2 minute read / Apr 26, 2016 /
Five Charts on the State of the Early Stage SaaS Market in 2016
As the overall venture market environment evolves in 2016, so too does the SaaS and Software segment. The number of Series A, B, C, and D investments in software companies stabilized at roughly 170 per quarter from mid-2013 through mid-2015, before falling 17% in Q4 2015 to a two year low. In Q1 2016, SaaS rounds increased a modest 10%. The SaaS fundraising has slowed in parallel to the rest of the market. But early 2016 pace still exceeds the best quarters of 2010-2012.
In dollar terms, Q1 notched the greatest amount invested yet. The aggregate amount raised does seem to be stabilizing around $2.8B per quarter, and suffers from substantial volatility of about $1B. Many startups who raised their early rounds in the 2012-2014 time frame are growing quickly and raising substantially larger follow-ons.
Let’s break down the data by series. Series A volumes have been declining steadily since their Q1 2014 highs. Over the past eight quarters, volumes have fallen by 25%. Series Bs and Series Cs are flat. Series Ds are down, but trivial in number.
Though Series A rounds have slid, the median round size is at near five-year highs of $6M; similar for Series Bs at $13.6M. This behavior echoes the concentration of dollars we see in the seed market.

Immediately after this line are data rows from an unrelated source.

lemma tendsto_emax_high_niche:
  "((\<lambda>p. p * emax (menu_PN VP ((1 - p) / p))) \<longlongrightarrow> 1) (at_right 0)"
  "((\<lambda>p. p * emax (menu_NN ((1 - p) / p))) \<longlongrightarrow> 1) (at_right 0)"
proof -
  have high: "\<forall>\<^sub>F p in at_right 0. K \<le> (1 - p) / (p::real)" for K
    using filterlim_high_niche_value unfolding filterlim_at_top by blast
  show "((\<lambda>p. p * emax (menu_PN VP ((1 - p) / p))) \<longlongrightarrow> 1) (at_right 0)"
  proof (rule tendsto_prior_times_value)
    show "\<forall>\<^sub>F p in at_right 0. (1 - p) / p + gumbel_mean \<le> emax (menu_PN VP ((1 - p) / p))"
      using emax_ge[of 1 "menu_PN VP _"] by (simp add: menu_PN_def)
    show "\<forall>\<^sub>F p in at_right 0. emax (menu_PN VP ((1 - p) / p)) \<le> (1 - p) / p + 3 * gumbel_abs_mean"
      using high[of VP] high[of 0]
      by eventually_elim (use emax_le[of "menu_PN VP _"] in \<open>auto simp: menu_PN_def\<close>)
  qed
  show "((\<lambda>p. p * emax (menu_NN ((1 - p) / p))) \<longlongrightarrow> 1) (at_right 0)"
  proof (rule tendsto_prior_times_value)
    show "\<forall>\<^sub>F p in at_right 0. (1 - p) / p + gumbel_mean \<le> emax (menu_NN ((1 - p) / p))"
      using emax_ge[of 0 "menu_NN _"] by (simp add: menu_NN_def)
    show "\<forall>\<^sub>F p in at_right 0. emax (menu_NN ((1 - p) / p)) \<le> (1 - p) / p + 3 * gumbel_abs_mean"
      using high[of 0]
      by eventually_elim (use emax_le[of "menu_NN _"] in \<open>auto simp: menu_NN_def\<close>)
  qed
qed

definition discounted_explore :: "real \<Rightarrow> real \<Rightarrow> real \<Rightarrow> real \<Rightarrow> real" where
  "discounted_explore VP p v \<delta> = (\<Sum>t. \<delta> ^ t * explore_prob VP p v t)"

lemma tendsto_discounted_explore_high_niche:
  assumes "0 \<le> \<delta>" "\<delta> < 1"
  shows "((\<lambda>p. discounted_explore VP p ((1 - p) / p) \<delta>) \<longlongrightarrow> 1 / (1 - \<delta>)) (at_right 0)"
proof (rule tendsto_sandwich)
  let ?c = "\<lambda>p. choice_prob (menu_PN VP ((1 - p) / p)) 1"
  show "\<forall>\<^sub>F p in at_right 0. 1 / (1 - \<delta> * ?c p) \<le> discounted_explore VP p ((1 - p) / p) \<delta>"
    using eventually_prior_in_01
  proof eventually_elim
    case (elim p)
    show ?case unfolding discounted_explore_def
      by (rule discounted_ge_geometric)
        (use assms elim explore_prob_ge_power[of p] in \<open>auto simp: explore_prob_nonneg
          explore_prob_le_1 choice_prob_nonneg choice_prob_le_1 simp del: One_nat_def\<close>)
  qed
  show "\<forall>\<^sub>F p in at_right 0. discounted_explore VP p ((1 - p) / p) \<delta> \<le> 1 / (1 - \<delta>)"
    unfolding discounted_explore_def
    by (intro always_eventually allI discounted_le assms explore_prob_nonneg explore_prob_le_1)
  have "(?c \<longlongrightarrow> 1) (at_right 0)"
    unfolding menu_PN_def
    by (rule filterlim_compose[OF tendsto_choice_prob_middle filterlim_high_niche_value])
  then show "((\<lambda>p. 1 / (1 - \<delta> * ?c p)) \<longlongrightarrow> 1 / (1 - \<delta>)) (at_right 0)"
    using assms by (auto intro!: tendsto_eq_intros)
qed simp

text \<open>For a fixed niche value, exploration after a failure eventually stops for good, so the
  exploration probability is exactly geometric on any finite horizon.\<close>
lemma tendsto_discounted_explore_fixed_niche:
  assumes "0 \<le> \<delta>" "\<delta> < 1"
  shows "((\<lambda>p. discounted_explore VP p v \<delta>)
           \<longlongrightarrow> 1 / (1 - \<delta> * choice_prob (menu_PN VP v) 1)) (at_right 0)"
proof (rule tendstoI)
  fix \<epsilon> :: real assume "\<epsilon> > 0"
  let ?c = "choice_prob (menu_PN VP v) 1"
  have "(\<lambda>N. \<delta> ^ N / (1 - \<delta>)) \<longlonglongrightarrow> 0 / (1 - \<delta>)"
    using assms by (intro tendsto_divide LIMSEQ_power_zero tendsto_const) auto
  then have "\<forall>\<^sub>F N in sequentially. \<delta> ^ N / (1 - \<delta>) < \<epsilon>"
    using \<open>\<epsilon> > 0\<close> by (auto dest: order_tendstoD(2))
  then obtain N where N: "\<delta> ^ N / (1 - \<delta>) < \<epsilon>"
    by (auto simp: eventually_sequentially)
  have "0 < rho2 VP ^ N * (1 - rho2 VP)" using rho2_pos rho2_less_1 by simp
  moreover have "((\<lambda>p. 1 - rho1 VP p) \<longlongrightarrow> 0) (at_right 0)"
    using tendsto_diff[OF tendsto_const tendsto_rho1, of 1 VP] by simp
  ultimately have "\<forall>\<^sub>F p in at_right 0. 1 - rho1 VP p < rho2 VP ^ N * (1 - rho2 VP)"
    by (simp add: order_tendstoD(2))
  with eventually_prior_in_01
  show "\<forall>\<^sub>F p in at_right 0. dist (discounted_explore VP p v \<delta>) (1 / (1 - \<delta> * ?c)) < \<epsilon>"
  proof eventually_elim
    case (elim p)
    have "explore_prob VP p v t = ?c ^ t" if "t < N" for t
    proof (rule explore_prob_eq_power)
      have "rho2 VP ^ N \<le> rho2 VP ^ t"
        using rho2_pos rho2_less_1 that by (intro power_decreasing) (auto intro: less_imp_le)
      then show "1 - rho1 VP p < rho2 VP ^ t * (1 - rho2 VP)"
        using elim rho2_less_1[of VP] mult_right_mono[of "rho2 VP ^ N" "rho2 VP ^ t" "1 - rho2 VP"]
        by linarith
    qed (use elim in auto)
    then have "\<bar>discounted_explore VP p v \<delta> - 1 / (1 - \<delta> * ?c)\<bar> \<le> \<delta> ^ N / (1 - \<delta>)"
      unfolding discounted_explore_def
      by (intro discounted_close_to_geometric assms explore_prob_nonneg explore_prob_le_1
          choice_prob_nonneg choice_prob_le_1)
    then show ?case using N by (simp add: dist_real_def)
  qed
qed

lemma Util_PEAR_eq:
  fixes VP :: real
  assumes "0 \<le> \<delta>" "\<delta> < 1"
  defines "B \<equiv> emax (menu_PP VP)"
  shows "Util_PEAR VP p \<delta>
     = p * (B / (1 - \<delta>) + (emax (menu_PN VP ((1 - p) / p)) - B)
              * discounted_explore VP p ((1 - p) / p) \<delta>)
       + (1 - p) * (B / (1 - \<delta>) + (emax (menu_PN VP (-1)) - B) * discounted_explore VP p (-1) \<delta>)"
  unfolding Util_PEAR_def pear_reward_eq discounted_explore_def B_def
  by (simp only: suminf_discounted_affine assms explore_prob_nonneg explore_prob_le_1)

lemma tendsto_Util_PEAR:
  fixes VP :: real
  assumes "0 \<le> \<delta>" "\<delta> < 1"
  defines "B \<equiv> emax (menu_PP VP)" and "L \<equiv> emax (menu_PN VP (-1))"
    and "c \<equiv> choice_prob (menu_PN VP (-1)) 1"
  shows "((\<lambda>p. Util_PEAR VP p \<delta>) \<longlongrightarrow> (1 + B) / (1 - \<delta>) + (L - B) / (1 - \<delta> * c)) (at_right 0)"
proof -
  let ?A = "\<lambda>p. emax (menu_PN VP ((1 - p) / p))"
  let ?DH = "\<lambda>p. discounted_explore VP p ((1 - p) / p) \<delta>"
  let ?DL = "\<lambda>p. discounted_explore VP p (-1) \<delta>"
  let ?U = "\<lambda>p. p * B / (1 - \<delta>) + (p * ?A p - p * B) * ?DH p
                + (1 - p) * (B / (1 - \<delta>) + (L - B) * ?DL p)"
  have lim: "(?U \<longlongrightarrow> 0 * B / (1 - \<delta>) + (1 - 0 * B) * (1 / (1 - \<delta>))
          + (1 - 0) * (B / (1 - \<delta>) + (L - B) * (1 / (1 - \<delta> * c)))) (at_right 0)"
    unfolding c_def
    by (intro tendsto_intros tendsto_emax_high_niche tendsto_discounted_explore_high_niche
        tendsto_discounted_explore_fixed_niche assms) (use assms in auto)
  have "?U p = Util_PEAR VP p \<delta>" for p
    by (simp add: Util_PEAR_eq assms B_def L_def algebra_simps)
  then have eq: "\<forall>\<^sub>F p in at_right 0. ?U p = Util_PEAR VP p \<delta>" by simp
  show ?thesis
    using Lim_transform_eventually[OF lim eq] by (simp add: add_divide_distrib add.assoc)
qed

lemma tendsto_Util_OPT:
  assumes "0 \<le> \<delta>" "\<delta> < 1" "-1 \<le> VP"
  shows "((\<lambda>p. Util_OPT VP p \<delta>) \<longlongrightarrow> (1 + emax (menu_PP VP)) / (1 - \<delta>)) (at_right 0)"
proof -
  let ?B = "emax (menu_PP VP)"
  let ?U = "\<lambda>p. p * emax (menu_NN ((1 - p) / p)) / (1 - \<delta>) + (1 - p) * (?B / (1 - \<delta>))"
  have lim: "(?U \<longlongrightarrow> 1 / (1 - \<delta>) + (1 - 0) * (?B / (1 - \<delta>))) (at_right 0)"
    by (intro tendsto_intros tendsto_emax_high_niche) (use assms in auto)
  have eq: "\<forall>\<^sub>F p in at_right 0. ?U p = Util_OPT VP p \<delta>"
    using filterlim_high_niche_value[unfolded filterlim_at_top, rule_format, of "VP + 1"]
  proof eventually_elim
    case (elim p)
    then show ?case
      using assms by (simp add: Util_OPT_def opt_menu_def suminf_discounted_const)
  qed
  show ?thesis
    using Lim_transform_eventually[OF lim eq] by (simp add: add_divide_distrib)
qed

lemma tendsto_Util_ratio:
  fixes VP :: real
  assumes "0 \<le> \<delta>" "\<delta> < 1" "-1 \<le> VP" "1 + emax (menu_PP VP) \<noteq> 0"
  defines "B \<equiv> emax (menu_PP VP)" and "L \<equiv> emax (menu_PN VP (-1))"
    and "c \<equiv> choice_prob (menu_PN VP (-1)) 1"
  shows "((\<lambda>p. Util_PEAR VP p \<delta> / Util_OPT VP p \<delta>)
           \<longlongrightarrow> ((1 + B) / (1 - \<delta>) + (L - B) / (1 - \<delta> * c)) / ((1 + B) / (1 - \<delta>))) (at_right 0)"
  using assms unfolding B_def L_def c_def
  by (intro tendsto_divide tendsto_Util_PEAR tendsto_Util_OPT) auto

lemma tendsto_discounted_ratio_at_left_1:
  fixes a b c :: real
  assumes "a \<noteq> 0" "c < 1"
  shows "((\<lambda>\<delta>. (a / (1 - \<delta>) + b / (1 - \<delta> * c)) / (a / (1 - \<delta>))) \<longlongrightarrow> 1) (at_left 1)"
proof -
  have "((\<lambda>\<delta>. 1 + b / a * ((1 - \<delta>) / (1 - \<delta> * c))) \<longlongrightarrow> 1 + b / a * ((1 - 1) / (1 - 1 * c)))
      (at_left 1)"
    using assms by (intro tendsto_intros) auto
  moreover have "\<forall>\<^sub>F \<delta> in at_left 1. 1 + b / a * ((1 - \<delta>) / (1 - \<delta> * c))
      = (a / (1 - \<delta>) + b / (1 - \<delta> * c)) / (a / (1 - \<delta>))"
  proof (rule eventually_mono[OF eventually_at_left_real[of 0 "1::real"]])
    fix \<delta> :: real assume "\<delta> \<in> {0<..<1}"
    then have "a / (1 - \<delta>) \<noteq> 0" using assms by simp
    then have "(a / (1 - \<delta>) + b / (1 - \<delta> * c)) / (a / (1 - \<delta>))
        = 1 + b / (1 - \<delta> * c) / (a / (1 - \<delta>))"
      by (subst add_divide_distrib) simp
    also have "\<dots> = 1 + b / a * ((1 - \<delta>) / (1 - \<delta> * c))"
      by simp
    finally show "1 + b / a * ((1 - \<delta>) / (1 - \<delta> * c))
        = (a / (1 - \<delta>) + b / (1 - \<delta> * c)) / (a / (1 - \<delta>))" ..
  qed simp
  ultimately show ?thesis using Lim_transform_eventually by fastforce
qed

theorem corollary1:
  fixes VP :: real
  assumes "VP \<ge> 0"
  shows "\<exists>L :: real \<Rightarrow> real.
           (\<forall>\<^sub>F \<delta> in at_left 1.
              ((\<lambda>p. Util_PEAR VP p \<delta> / Util_OPT VP p \<delta>) \<longlongrightarrow> L \<delta>) (at_right 0))
         \<and> (L \<longlongrightarrow> 1) (at_left 1)"
proof -
  define B where "B = emax (menu_PP VP)"
  define L where "L = emax (menu_PN VP (-1))"
  define c where "c = choice_prob (menu_PN VP (-1)) 1"
  have B: "1 + B \<noteq> 0"
    using emax_ge[of 0 "menu_PP VP"] gumbel_mean_gt_minus_1 assms by (simp add: B_def menu_PP_def)
  have c: "c < 1"
    using choice_prob_middle_less_1[of "-1" VP 0] assms by (simp add: c_def menu_PN_def)
  show ?thesis
  proof (intro exI conjI)
    show "\<forall>\<^sub>F \<delta> in at_left 1. ((\<lambda>p. Util_PEAR VP p \<delta> / Util_OPT VP p \<delta>) \<longlongrightarrow>
        ((1 + B) / (1 - \<delta>) + (L - B) / (1 - \<delta> * c)) / ((1 + B) / (1 - \<delta>))) (at_right 0)"
    proof (rule eventually_mono[OF eventually_at_left_real[of 0 "1::real"]])
      fix \<delta> :: real assume \<delta>: "\<delta> \<in> {0<..<1}"
      show "((\<lambda>p. Util_PEAR VP p \<delta> / Util_OPT VP p \<delta>) \<longlongrightarrow>
          ((1 + B) / (1 - \<delta>) + (L - B) / (1 - \<delta> * c)) / ((1 + B) / (1 - \<delta>))) (at_right 0)"
        unfolding B_def L_def c_def by (rule tendsto_Util_ratio) (use \<delta> B assms in \<open>auto simp: B_def\<close>)
    qed simp
    show "((\<lambda>\<delta>. ((1 + B) / (1 - \<delta>) + (L - B) / (1 - \<delta> * c)) / ((1 + B) / (1 - \<delta>))) \<longlongrightarrow> 1)
        (at_left 1)"
      using B c by (rule tendsto_discounted_ratio_at_left_1)
  qed
qed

Series C rounds spiked to greater than $30M after a quarter at $15M - the variance between the two figures challenges our ability to draw an inference. Median Series D round sizes though are stable.
In aggregate dollar terms, Series As are flat; Series Bs have fallen by 50% from their highs; Series Cs spiked, reaching five year highs and Series Ds are stable.
The SaaS fundraising market is remarkably similar to the overall venture market. Investors are concentrating dollars in fewer early-stage bets. Series B rounds seem to be the hardest to raise as both the count and dollars steadily erode. There’s something funny going on in the series C market, because it’s the only one that is growing at any meaningful rate.
Perhaps this is the return of the classic late stage venture investor, suddenly able to invest in businesses at reasonable valuations as hedge funds, mutual funds and family offices return to bread-and-butter investing and leave the venture market.
In summary, SaaS startups today still enjoy one of the best fundraising markets of the last five years. The complexion of the market certainly has changed a bit, but set in historical context, it’s still a great time to be a SaaS founder.